Work order:
From the entries below, return only the lines starting at the one that contains "(path_edge k l vs 1))" and ending at the one that contains "(?P j \<inter>", exactly as they stand.

── Dataset content

theorem claim3p3:
  fixes k l n s :: nat
    and G :: "nat set set"
    and A B :: "nat \<Rightarrow> 'a set"
    and vs :: "'a list"
  assumes hl: "2 \<le> l" and hlk: "2 * l < k" and hn: "1 \<le> n"
    and hG: "G \<subseteq> {{i, j} | i j. i \<in> {1..n} \<and> j \<in> {1..n} \<and> i \<noteq> j}"
    and hfin: "\<forall>i\<in>{1..2*n}. finite (A i) \<and> finite (B i)"
    and hdisj: "\<forall>i\<in>{1..2*n}. \<forall>j\<in>{1..2*n}.
                  (i \<noteq> j \<longrightarrow> A i \<inter> A j = {} \<and> B i \<inter> B j = {}) \<and> A i \<inter> B j = {}"
    and hA1: "\<forall>i\<in>{1..n}. card (A i) = 2 * (k div 2) + l"
    and hA2: "\<forall>i\<in>{n+1..2*n}. card (A i) = 2 * k - 2 * l - 3"
    and hs: "1 \<le> s"
    and hdist: "distinct vs"
    and hlen: "length vs = k + (s + 1) * (k - l)"
    and he: "path_edge k l vs 0 \<in> H1 k l n G A B"
    and he': "path_edge k l vs (s + 1) \<in> H1 k l n G A B"
    and hmid: "\<forall>i\<in>{1..s}. path_edge k l vs i \<in> H2 k l n A B"
  shows "(\<forall>i\<in>{1..s}. minidx n A B (path_edge k l vs i) = minidx n A B (path_edge k l vs 1))
         \<and> minidx n A B (path_edge k l vs 1)
             \<in> tr1 n A B (path_edge k l vs 0) \<inter> tr1 n A B (path_edge k l vs (s + 1))
         \<and> \<not> (path_edge k l vs 0 \<in> H12 k l n A B \<and> path_edge k l vs (s + 1) \<in> H12 k l n A B)"
proof -
  let ?P = "path_edge k l vs" and ?m = "minidx n A B (path_edge k l vs 1)"
  have overlap: "l \<le> card (?P j \<inter> ?P (Suc j))" if "j \<le> s" for j
  proof (rule path_edge_Suc_overlap[OF hdist])
    have "j * (k - l) \<le> (s + 1) * (k - l)" using that by (intro mult_le_mono1) simp
    then show "j * (k - l) + k \<le> length vs" using hlen by linarith
  qed (use hlk in simp)
  have ends_disjoint: "?P 0 \<inter> ?P (s + 1) = {}"
  proof (rule path_edges_disjoint[OF hdist])
    have "2 * (k - l) \<le> (s + 1) * (k - l)" using hs by (intro mult_le_mono1) simp
    then show "0 * (k - l) + k \<le> (s + 1) * (k - l)" using hlk by linarith
  qed
  have k0: "0 < k" and l1: "1 \<le> l" and lk2: "l + 2 \<le> k" using hl hlk by linarith+
  have const: "\<forall>i\<in>{1..s}. minidx n A B (?P i) = ?m"
    by (rule H2_path_minidx_const[OF hmid _ k0 l1]) (simp add: overlap)
  have P1: "?P 1 \<in> H2 k l n A B" and Ps: "?P s \<in> H2 k l n A B"
    using hmid hs by simp_all
  have ov_first: "l \<le> card (?P 0 \<inter> ?P 1)" and ov_last: "l \<le> card (?P s \<inter> ?P (s + 1))"
    using overlap[of 0] overlap[of s] by simp_all
  have m_first: "?m \<in> tr n A B (?P 0)"
    by (rule H2_minidx_in_tr[OF P1 Int_lower2 Int_lower1 ov_first k0 l1])
  have m_s: "minidx n A B (?P s) = ?m"
    using const hs by (meson atLeastAtMost_iff order_refl)
  have m_last: "?m \<in> tr n A B (?P (s + 1))"
    using H2_minidx_in_tr[OF Ps Int_lower1 Int_lower2 ov_last k0 l1] unfolding m_s .
  have not_both: "\<not> (?P 0 \<in> H12 k l n A B \<and> ?P (s + 1) \<in> H12 k l n A B)"
  proof
    assume "?P 0 \<in> H12 k l n A B \<and> ?P (s + 1) \<in> H12 k l n A B"
    moreover have "\<forall>i\<in>{n+1..2*n}. finite (A i)" using hfin by simp
    ultimately have "tr n A B (?P 0) \<inter> tr n A B (?P (s + 1)) = {}"
      using H12_disjoint_edges_disjoint_tr[OF _ _ ends_disjoint lk2 _ hA2] by blast
    then show False using m_first m_last by blast
  qed
  have disjA: "\<forall>i\<in>{1..n}. \<forall>j\<in>{1..n}. i \<noteq> j \<longrightarrow> A i \<inter> A j = {}"
    using hdisj by simp
  have "?m \<le> n"
  proof (cases "?P 0 \<in> H11 k n G A B")
    case True
    show ?thesis
      by (rule H11_shared_minidx_le[OF True Int_lower1 Int_lower2 order_trans[OF hl ov_first] k0 hG disjA])
  next
    case False
    with he he' not_both have "?P (s + 1) \<in> H11 k n G A B" unfolding H1_def by blast
    then have "minidx n A B (?P s) \<le> n"
      using H11_shared_minidx_le[OF _ Int_lower2 Int_lower1 order_trans[OF hl ov_last] k0 hG disjA]
      by blast
    with m_s show ?thesis by simp
  qed
  with m_first m_last have "?m \<in> tr1 n A B (?P 0) \<inter> tr1 n A B (?P (s + 1))"
    unfolding tr1_def tr_def by simp
  with const not_both show ?thesis by blast
qed

end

────

Response:
  shows "(\<forall>i\<in>{1..s}. minidx n A B (path_edge k l vs i) = minidx n A B (path_edge k l vs 1))
         \<and> minidx n A B (path_edge k l vs 1)
             \<in> tr1 n A B (path_edge k l vs 0) \<inter> tr1 n A B (path_edge k l vs (s + 1))
         \<and> \<not> (path_edge k l vs 0 \<in> H12 k l n A B \<and> path_edge k l vs (s + 1) \<in> H12 k l n A B)"
proof -
  let ?P = "path_edge k l vs" and ?m = "minidx n A B (path_edge k l vs 1)"
  have overlap: "l \<le> card (?P j \<inter> ?P (Suc j))" if "j \<le> s" for j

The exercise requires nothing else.